Reproduce, without any change, the span of lines from the opening of the records below to the line containing "using x X(3)", inclusive.

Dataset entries
=== Begin Enclosure ===

lemma lex_family_con_if_both:
  assumes T: "T \<in> lex_family r E C" and eT: "insert e T \<in> lex_family r E C" "e \<notin> T"
  shows "T \<in> lex_family r (E - {e}) (circuits_con e C)"
  unfolding lex_family_def
proof (intro CollectI conjI ballI impI)
  show "T \<subseteq> E - {e}"
    using T eT unfolding lex_family_def by auto
next
  fix X'
  assume X': "X' \<in> circuits_con e C" and conf: "conforms X' T"
  obtain X where X: "X \<in> C" "supp X \<noteq> {e}" "X' = (fst X - {e}, snd X - {e})"
    using X' unfolding circuits_con_def by blast
  have dX: "fst X \<inter> snd X = {}"
    using scs_disjoint[OF K X(1)] .
  show "positive_first r X'"
  proof (cases "e \<in> fst X")
    case True
    then have "conforms X (insert e T)"
      using conf X(3) dX unfolding conforms_def by auto
    then obtain x where x: "x \<in> fst X" "\<forall>y\<in>snd X. r x < r y"
      using eT(1) X(1) unfolding lex_family_def positive_first_def by blast
    show ?thesis
    proof (cases "x = e")
      case False
      then show ?thesis
        using x X(3) unfolding positive_first_def by auto
    next
      case True
      text \<open>\<open>e\<close> has the largest rank, so it precedes no negative element.\<close>
      have "snd X = {}"
      proof (rule ccontr)
        assume "snd X \<noteq> {}"
        then obtain y where y: "y \<in> snd X"
          by blast
        then have "y \<in> E - {e}"
          using scs_supp_subset[OF K X(1)] \<open>e \<in> fst X\<close> dX unfolding supp_def by auto
        then have "r y < r e"
          using e_max by blast
        moreover have "r e < r y"
          using x y True by blast
        ultimately show False
          by simp
      qed
      moreover obtain z where "z \<in> supp X" "z \<noteq> e"
        using X(2) scs_supp_nonempty[OF K X(1)] by blast
      ultimately show ?thesis
        using X(3) unfolding positive_first_def supp_def by auto
    qed
  next
    case False
    then have "conforms X T"
      using conf X(3) eT(2) unfolding conforms_def by auto
    then obtain x where "x \<in> fst X" "\<forall>y\<in>snd X. r x < r y"
      using T X(1) unfolding lex_family_def positive_first_def by blast
    then show ?thesis
      using False X(3) unfolding positive_first_def by auto
  qed
qed

lemma lex_family_if_con:
  assumes no_loop: "({}, {e}) \<notin> C" and T: "T \<in> lex_family r (E - {e}) (circuits_con e C)"
  shows "T \<in> lex_family r E C"
  unfolding lex_family_def
proof (intro CollectI conjI ballI impI)
  have TE: "T \<subseteq> E - {e}"
    using T unfolding lex_family_def by blast
  then show "T \<subseteq> E"
    by auto
  fix X
  assume X: "X \<in> C" and conf: "conforms X T"
  show "positive_first r X"
  proof (cases "supp X = {e}")
    case True
    then have "X = ({}, {e})"
      using conf TE unfolding conforms_def supp_def by (cases X) auto
    then show ?thesis
      using no_loop X by simp
  next
    case False
    have "conforms (fst X - {e}, snd X - {e}) T"
      using conf unfolding conforms_def by auto
    then obtain x where x: "x \<in> fst X - {e}" "\<forall>y\<in>snd X - {e}. r x < r y"
      using lex_family_conD[OF T X False] by blast
    have "r x < r e"
      using x scs_supp_subset[OF K X] e_max unfolding supp_def by blast
    then show ?thesis
      using x unfolding positive_first_def by (intro bexI[of _ x]) auto
  qed
qed

lemma insert_lex_family_if_con:
  assumes T: "T \<in> lex_family r (E - {e}) (circuits_con e C)"
  shows "insert e T \<in> lex_family r E C"
  unfolding lex_family_def
proof (intro CollectI conjI ballI impI)
  show "insert e T \<subseteq> E"
    using T eE unfolding lex_family_def by blast
  fix X
  assume X: "X \<in> C" and conf: "conforms X (insert e T)"
  have "e \<notin> snd X"
    using conf unfolding conforms_def by auto
  show "positive_first r X"
  proof (cases "supp X = {e}")
    case True
    then have "snd X = {}" "e \<in> fst X"
      using \<open>e \<notin> snd X\<close> unfolding supp_def by auto
    then show ?thesis
      unfolding positive_first_def by auto
  next
    case False
    have "conforms (fst X - {e}, snd X - {e}) T"
      using conf unfolding conforms_def by auto
    then obtain x where "x \<in> fst X - {e}" "\<forall>y\<in>snd X - {e}. r x < r y"
      using lex_family_conD[OF T X False] by blast
    then show ?thesis
      using \<open>e \<notin> snd X\<close> unfolding positive_first_def by (intro bexI[of _ x]) auto
  qed
qed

=== End Enclosure ===

» **SOLUTION**:
lemma lex_family_con_if_both:
  assumes T: "T \<in> lex_family r E C" and eT: "insert e T \<in> lex_family r E C" "e \<notin> T"
  shows "T \<in> lex_family r (E - {e}) (circuits_con e C)"
  unfolding lex_family_def
proof (intro CollectI conjI ballI impI)
  show "T \<subseteq> E - {e}"
    using T eT unfolding lex_family_def by auto
next
  fix X'
  assume X': "X' \<in> circuits_con e C" and conf: "conforms X' T"
  obtain X where X: "X \<in> C" "supp X \<noteq> {e}" "X' = (fst X - {e}, snd X - {e})"
    using X' unfolding circuits_con_def by blast
  have dX: "fst X \<inter> snd X = {}"
    using scs_disjoint[OF K X(1)] .
  show "positive_first r X'"
  proof (cases "e \<in> fst X")
    case True
    then have "conforms X (insert e T)"
      using conf X(3) dX unfolding conforms_def by auto
    then obtain x where x: "x \<in> fst X" "\<forall>y\<in>snd X. r x < r y"
      using eT(1) X(1) unfolding lex_family_def positive_first_def by blast
    show ?thesis
    proof (cases "x = e")
      case False
      then show ?thesis
        using x X(3) unfolding positive_first_def by auto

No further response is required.